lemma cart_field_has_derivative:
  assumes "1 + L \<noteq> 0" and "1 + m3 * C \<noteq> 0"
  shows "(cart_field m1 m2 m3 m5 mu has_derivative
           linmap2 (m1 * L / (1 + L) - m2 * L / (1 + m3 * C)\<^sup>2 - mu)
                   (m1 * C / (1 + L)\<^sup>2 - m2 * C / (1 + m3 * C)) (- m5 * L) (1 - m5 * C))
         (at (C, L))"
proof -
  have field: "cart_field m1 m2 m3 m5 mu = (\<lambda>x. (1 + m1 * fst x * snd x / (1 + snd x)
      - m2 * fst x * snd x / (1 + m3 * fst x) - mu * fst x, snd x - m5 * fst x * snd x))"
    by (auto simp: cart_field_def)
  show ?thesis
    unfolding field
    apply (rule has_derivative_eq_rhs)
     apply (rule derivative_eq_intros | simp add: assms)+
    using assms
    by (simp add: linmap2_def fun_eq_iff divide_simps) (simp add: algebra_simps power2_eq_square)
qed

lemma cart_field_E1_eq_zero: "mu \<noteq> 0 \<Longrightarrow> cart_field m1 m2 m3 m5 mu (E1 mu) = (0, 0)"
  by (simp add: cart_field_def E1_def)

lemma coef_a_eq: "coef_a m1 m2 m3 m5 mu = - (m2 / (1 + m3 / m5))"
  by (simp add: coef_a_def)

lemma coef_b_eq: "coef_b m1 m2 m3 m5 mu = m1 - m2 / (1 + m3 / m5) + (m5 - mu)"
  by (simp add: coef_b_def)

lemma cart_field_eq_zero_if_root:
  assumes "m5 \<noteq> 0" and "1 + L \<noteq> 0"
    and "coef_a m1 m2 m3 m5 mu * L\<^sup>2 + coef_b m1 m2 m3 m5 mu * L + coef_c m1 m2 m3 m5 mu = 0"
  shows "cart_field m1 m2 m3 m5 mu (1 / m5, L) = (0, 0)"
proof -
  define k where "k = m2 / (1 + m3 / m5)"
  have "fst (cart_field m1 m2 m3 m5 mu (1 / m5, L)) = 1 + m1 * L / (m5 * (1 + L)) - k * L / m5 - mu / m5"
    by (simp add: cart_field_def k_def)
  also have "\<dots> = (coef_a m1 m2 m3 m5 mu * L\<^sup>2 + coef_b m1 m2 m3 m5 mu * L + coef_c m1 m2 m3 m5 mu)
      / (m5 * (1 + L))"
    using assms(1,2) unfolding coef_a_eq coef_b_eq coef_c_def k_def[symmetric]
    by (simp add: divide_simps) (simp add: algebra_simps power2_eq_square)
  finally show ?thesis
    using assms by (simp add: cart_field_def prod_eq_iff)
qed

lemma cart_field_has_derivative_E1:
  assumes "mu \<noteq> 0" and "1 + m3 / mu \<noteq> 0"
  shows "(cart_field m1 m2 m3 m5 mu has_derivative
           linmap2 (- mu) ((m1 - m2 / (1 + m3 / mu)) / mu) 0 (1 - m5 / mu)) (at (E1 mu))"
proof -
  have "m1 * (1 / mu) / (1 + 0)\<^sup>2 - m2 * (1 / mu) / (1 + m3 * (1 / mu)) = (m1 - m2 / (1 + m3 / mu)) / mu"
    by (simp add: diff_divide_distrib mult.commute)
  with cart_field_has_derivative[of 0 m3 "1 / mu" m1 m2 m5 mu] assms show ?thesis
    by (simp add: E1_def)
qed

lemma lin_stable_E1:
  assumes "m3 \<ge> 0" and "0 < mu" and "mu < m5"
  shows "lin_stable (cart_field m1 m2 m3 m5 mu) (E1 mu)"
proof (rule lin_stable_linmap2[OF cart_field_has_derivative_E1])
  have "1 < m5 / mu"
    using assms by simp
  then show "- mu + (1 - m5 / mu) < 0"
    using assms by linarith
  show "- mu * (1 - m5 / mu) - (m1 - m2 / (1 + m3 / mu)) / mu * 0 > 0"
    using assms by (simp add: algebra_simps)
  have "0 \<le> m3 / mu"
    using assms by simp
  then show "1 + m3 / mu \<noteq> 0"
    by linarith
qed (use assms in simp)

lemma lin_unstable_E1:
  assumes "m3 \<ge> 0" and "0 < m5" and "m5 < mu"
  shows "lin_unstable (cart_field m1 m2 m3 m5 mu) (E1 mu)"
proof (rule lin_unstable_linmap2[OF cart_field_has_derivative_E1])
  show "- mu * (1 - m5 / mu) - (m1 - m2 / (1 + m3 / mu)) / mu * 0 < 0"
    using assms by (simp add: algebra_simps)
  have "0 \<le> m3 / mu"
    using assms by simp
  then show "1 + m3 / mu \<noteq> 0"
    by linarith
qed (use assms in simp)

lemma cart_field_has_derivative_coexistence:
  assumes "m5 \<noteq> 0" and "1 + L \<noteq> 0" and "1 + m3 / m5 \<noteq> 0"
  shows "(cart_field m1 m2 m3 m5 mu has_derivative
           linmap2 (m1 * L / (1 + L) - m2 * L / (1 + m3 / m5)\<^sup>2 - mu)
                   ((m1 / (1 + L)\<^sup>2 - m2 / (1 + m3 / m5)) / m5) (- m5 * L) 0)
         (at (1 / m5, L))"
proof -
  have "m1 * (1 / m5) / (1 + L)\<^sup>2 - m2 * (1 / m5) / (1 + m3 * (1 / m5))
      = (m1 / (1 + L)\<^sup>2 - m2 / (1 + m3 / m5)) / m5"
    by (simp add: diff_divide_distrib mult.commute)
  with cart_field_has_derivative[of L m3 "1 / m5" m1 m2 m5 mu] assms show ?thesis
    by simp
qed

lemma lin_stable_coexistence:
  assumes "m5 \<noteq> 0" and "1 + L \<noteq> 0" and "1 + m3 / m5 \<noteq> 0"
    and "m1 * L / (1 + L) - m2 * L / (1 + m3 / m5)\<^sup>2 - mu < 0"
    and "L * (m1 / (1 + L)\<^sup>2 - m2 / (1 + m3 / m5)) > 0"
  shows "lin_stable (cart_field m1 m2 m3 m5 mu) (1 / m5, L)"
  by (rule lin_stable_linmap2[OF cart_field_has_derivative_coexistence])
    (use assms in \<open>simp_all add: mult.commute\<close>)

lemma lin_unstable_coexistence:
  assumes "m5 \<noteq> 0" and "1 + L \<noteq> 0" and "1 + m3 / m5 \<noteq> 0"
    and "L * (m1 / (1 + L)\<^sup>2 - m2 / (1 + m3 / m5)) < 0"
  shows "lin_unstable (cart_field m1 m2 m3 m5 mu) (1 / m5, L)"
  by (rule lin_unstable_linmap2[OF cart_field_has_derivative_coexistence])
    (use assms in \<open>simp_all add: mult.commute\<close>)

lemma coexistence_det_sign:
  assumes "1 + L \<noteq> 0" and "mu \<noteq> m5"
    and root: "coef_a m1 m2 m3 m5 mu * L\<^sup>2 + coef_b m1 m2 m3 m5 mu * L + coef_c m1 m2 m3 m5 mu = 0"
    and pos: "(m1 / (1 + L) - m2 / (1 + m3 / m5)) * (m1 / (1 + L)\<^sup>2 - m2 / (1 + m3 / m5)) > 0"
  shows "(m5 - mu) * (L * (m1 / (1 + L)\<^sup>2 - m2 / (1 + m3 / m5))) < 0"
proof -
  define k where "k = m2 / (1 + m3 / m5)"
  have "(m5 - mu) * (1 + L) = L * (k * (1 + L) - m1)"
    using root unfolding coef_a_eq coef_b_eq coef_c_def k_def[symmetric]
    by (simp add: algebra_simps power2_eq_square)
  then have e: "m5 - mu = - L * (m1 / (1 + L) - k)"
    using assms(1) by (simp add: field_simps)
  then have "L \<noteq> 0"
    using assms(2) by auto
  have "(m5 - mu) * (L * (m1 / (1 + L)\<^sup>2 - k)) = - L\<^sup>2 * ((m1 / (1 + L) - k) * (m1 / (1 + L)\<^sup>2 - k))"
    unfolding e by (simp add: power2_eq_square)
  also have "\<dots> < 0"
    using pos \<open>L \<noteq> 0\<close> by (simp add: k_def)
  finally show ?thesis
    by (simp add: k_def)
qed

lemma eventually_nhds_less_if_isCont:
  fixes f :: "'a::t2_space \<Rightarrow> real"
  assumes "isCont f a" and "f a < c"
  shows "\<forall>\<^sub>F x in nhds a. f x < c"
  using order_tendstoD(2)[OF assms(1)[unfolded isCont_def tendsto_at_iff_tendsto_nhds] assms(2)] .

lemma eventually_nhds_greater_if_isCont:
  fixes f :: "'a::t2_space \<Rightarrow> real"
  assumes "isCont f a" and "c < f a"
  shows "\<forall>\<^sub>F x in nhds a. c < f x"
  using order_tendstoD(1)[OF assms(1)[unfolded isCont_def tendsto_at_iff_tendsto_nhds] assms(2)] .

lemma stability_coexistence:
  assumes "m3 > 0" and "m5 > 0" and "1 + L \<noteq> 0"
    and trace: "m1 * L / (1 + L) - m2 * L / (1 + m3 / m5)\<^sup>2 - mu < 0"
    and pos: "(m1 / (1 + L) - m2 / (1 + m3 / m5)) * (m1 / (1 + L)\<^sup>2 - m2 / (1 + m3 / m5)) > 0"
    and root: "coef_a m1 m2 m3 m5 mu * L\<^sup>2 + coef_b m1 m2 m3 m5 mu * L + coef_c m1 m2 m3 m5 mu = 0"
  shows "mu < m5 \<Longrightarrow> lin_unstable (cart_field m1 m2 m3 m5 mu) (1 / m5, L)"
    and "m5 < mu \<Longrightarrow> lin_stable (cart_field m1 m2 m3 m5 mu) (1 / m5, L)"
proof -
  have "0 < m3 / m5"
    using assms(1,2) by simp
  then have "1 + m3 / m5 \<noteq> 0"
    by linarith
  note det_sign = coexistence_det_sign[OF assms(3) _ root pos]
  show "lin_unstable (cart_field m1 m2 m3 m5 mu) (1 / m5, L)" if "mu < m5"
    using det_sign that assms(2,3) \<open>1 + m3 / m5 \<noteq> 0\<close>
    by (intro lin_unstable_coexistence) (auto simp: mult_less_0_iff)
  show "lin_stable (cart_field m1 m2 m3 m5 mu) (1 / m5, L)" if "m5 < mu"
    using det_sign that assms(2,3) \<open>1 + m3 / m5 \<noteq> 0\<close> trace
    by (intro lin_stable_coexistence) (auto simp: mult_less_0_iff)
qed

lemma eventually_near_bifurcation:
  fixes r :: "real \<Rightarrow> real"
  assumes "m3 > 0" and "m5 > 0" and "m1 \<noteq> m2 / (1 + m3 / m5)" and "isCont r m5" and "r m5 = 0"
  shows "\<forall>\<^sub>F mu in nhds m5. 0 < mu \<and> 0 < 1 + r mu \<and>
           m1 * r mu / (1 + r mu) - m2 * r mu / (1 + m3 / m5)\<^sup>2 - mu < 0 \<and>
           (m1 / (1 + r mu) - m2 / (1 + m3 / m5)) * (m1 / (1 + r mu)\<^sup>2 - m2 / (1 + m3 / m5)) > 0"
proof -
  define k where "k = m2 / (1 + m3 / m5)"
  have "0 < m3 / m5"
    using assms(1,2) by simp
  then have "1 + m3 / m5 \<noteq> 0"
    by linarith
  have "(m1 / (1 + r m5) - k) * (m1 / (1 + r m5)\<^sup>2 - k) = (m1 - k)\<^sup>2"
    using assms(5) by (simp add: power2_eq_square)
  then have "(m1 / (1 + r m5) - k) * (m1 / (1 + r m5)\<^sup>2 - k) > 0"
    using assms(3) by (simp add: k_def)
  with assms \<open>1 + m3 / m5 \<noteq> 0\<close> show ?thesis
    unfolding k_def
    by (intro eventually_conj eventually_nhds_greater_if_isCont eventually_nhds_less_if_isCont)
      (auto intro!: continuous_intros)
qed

» Problem to work on
Reproduce only what lies between the start of the listing above and the end of the line containing "C)\<^sup>2 - mu)", keeping every line exact.

» Written answer
lemma cart_field_has_derivative:
  assumes "1 + L \<noteq> 0" and "1 + m3 * C \<noteq> 0"
  shows "(cart_field m1 m2 m3 m5 mu has_derivative
           linmap2 (m1 * L / (1 + L) - m2 * L / (1 + m3 * C)\<^sup>2 - mu)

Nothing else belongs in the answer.